1. de-novo assemblies and read mapping

The first step in the data pipeline aligns sequencing reads, either by mapping each read to a gene, or by de-novo assembly of transcripts from the reads themselves.



from Thiru, P RNA-seq: Methods and Applications. http://jura.wi.mit.edu/bio/education/hot_topics/RNAseq/RNA_Seq.pdf

Mapping transcripts is generally easier in prokaryotes, and requires less computational time, than in eukaryotes. Mapping transcripts to reads is more complicated for eukaryotes, for a variety of reasons.

Prokaryotes
Eukaryotes
smaller genomes and fewer genes much larger genomes and more genes
more likely to have completely sequenced and annotated genomes less likely to have completely sequenced and annotated genome
almost all genes present in single copies many genes are in multigene familes
genes seldom have introns genes almost always have introns; many genes have splice variants
haploid
genomes may be polyploid



The illustration at right shows RNA-seq reads aligned to two eukaryotic genes A and B. Reads that span part of an exon are shown as single lines, whereas reads that include parts of two adjacent exons are indicated by V-shaped lines. The presence of introns being spliced out of pre-mRNA transcripts means that alignment programs have to check to see whether a read contains part of the 3' end of one exon and part of a 5' end of another exon.

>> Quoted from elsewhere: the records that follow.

lemma zariski_negative_part_M_matrix:
  assumes "zariski_decomposition e phi x y z"
  shows "nonsingular_M_matrix_on (Supp e z) (\<lambda>l m. - phi l (e m))"
  unfolding nonsingular_M_matrix_on_def
proof (intro conjI allI impI ballI)
  show "- phi l (e m) \<le> 0" if "l \<noteq> m" for l m using phi_offdiag[OF that] by simp
  fix c i assume c: "\<forall>i\<in>Supp e z. 0 \<le> c i"
    and sub: "\<forall>i\<in>Supp e z. (\<Sum>j\<in>Supp e z. - phi i (e j) * c j) \<le> 0" and i: "i \<in> Supp e z"
  define w where "w = (\<Sum>j\<in>Supp e z. c j *\<^sub>R e j)"
  have "w \<in> pos_cone e (Supp e z)" unfolding pos_cone_def w_def using c by blast
  moreover have "\<forall>l\<in>Supp e z. phi l w \<ge> 0"
  proof
    fix l assume "l \<in> Supp e z"
    moreover have "phi l w = - (\<Sum>j\<in>Supp e z. - phi l (e j) * c j)"
      by (simp add: w_def phi_lincomb sum_negf mult.commute)
    ultimately show "phi l w \<ge> 0" using sub by simp
  qed
  ultimately have "w = 0" using assms unfolding zariski_decomposition_def by blast
  thus "c i = 0" using i coord_lincomb[of c "Supp e z" i] finite_Supp by (simp add: w_def coord_zero)
qed

lemma zariski_det_sign:
  assumes "zariski_decomposition e phi x y z"
  shows "(-1) ^ card (Supp e z) * det_on (Supp e z) (\<lambda>l m. phi l (e m)) > 0"
proof -
  have "0 < det_on (Supp e z) (\<lambda>l m. - phi l (e m))"
    by (rule nonsingular_M_matrix_on_det_pos[OF finite_Supp zariski_negative_part_M_matrix[OF assms]])
  thus ?thesis by (simp only: det_on_uminus)
qed

lemma zariski_negative_definite:
  assumes "zariski_decomposition e phi x y z"
    and "symmetric_on (Supp e z) (\<lambda>l m. phi l (e m))"
  shows "negative_definite_on (Supp e z) (\<lambda>l m. phi l (e m))"
  unfolding negative_definite_on_def
proof (intro allI impI)
  fix v :: "'l \<Rightarrow> real" assume "\<exists>i\<in>Supp e z. v i \<noteq> 0"
  hence "(\<Sum>i\<in>Supp e z. \<Sum>j\<in>Supp e z. v i * - phi i (e j) * v j) > 0"
    using assms(2) unfolding symmetric_on_def
    by (intro nonsingular_M_matrix_on_quadratic_form_pos[OF finite_Supp
          zariski_negative_part_M_matrix[OF assms(1)]]) auto
  thus "(\<Sum>i\<in>Supp e z. \<Sum>j\<in>Supp e z. v i * phi i (e j) * v j) < 0" by (simp add: sum_negf)
qed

It is also notable that most transcriptomics experiments contain reads that map in presumably non-coding intergenic regions. These can either indicate that there are previously-unannotated transcribed regions in the genome, or the presence of untranscribed pseudogenes.

Transcriptomics is also revealing that alternative spllicing occurs more frequently in eukaryotic gene expression than was previously appreciated.

Implementation of a gene expression pipeline

There is no such thing as an off-the shelf pipeline that can simply take raw reads, allow you to press a button, and generate a complete differential expression profile. This is in part because the nature of RNA-seq analysis is such that each step in the process is a decision point at which the results should be inspected to decide both whether the previous step needs to be re-run with different conditions, or with a different program, and also to decide, based on the result of the previous step, which program to use in the next step, or which parameters.
A second reason is that both the RNA sequencing technologies, and the bioinformatics tools are always changing to incorporate new advances. Therefore, RNA analysis pipelines will always be a work in progress.
The main steps can be summarized as follows:

For teaching purposes, this lecture will use as an example the RNA seq pipeline currently in place at the Bio Information Technologies Lab at the University of Manitoba.

Pre-processing and assembly of reads

A simplified workflow for transcriptome assembly is shown at right.

Transcriptome assembly is carried out within the transcriptome directory, and for each major step, a separate subdirectory is used.

Raw read files are saved in the reads directory, and symbolic links to these files, with short, meaningful names, are created.

Sequencing adaptors are removed from the raw reads by Trimmomatic and the files containing the trimmed reads are saved in reads.Trimmomatic.

The trimmed reads are used as input by Rcorrector, which corrects errors in the reads and writes the corrected reads to the reads.Trimmomatic.Rcorrector directory.

At each step, FASTQC is run to check the properties of the reads.

Finally, the assembly itself is done using programs such as Trinity  which produces contig files and scaffold files. For each assembly, transrate produces a reports with extensive statistics that can guide the choice of which assembly is best, or which assemblies should be repeated with different a parameters for improvement.



Correction of RNAseq reads is complicated by the dependence of k-mer frequencies on the level of RNA transcripts.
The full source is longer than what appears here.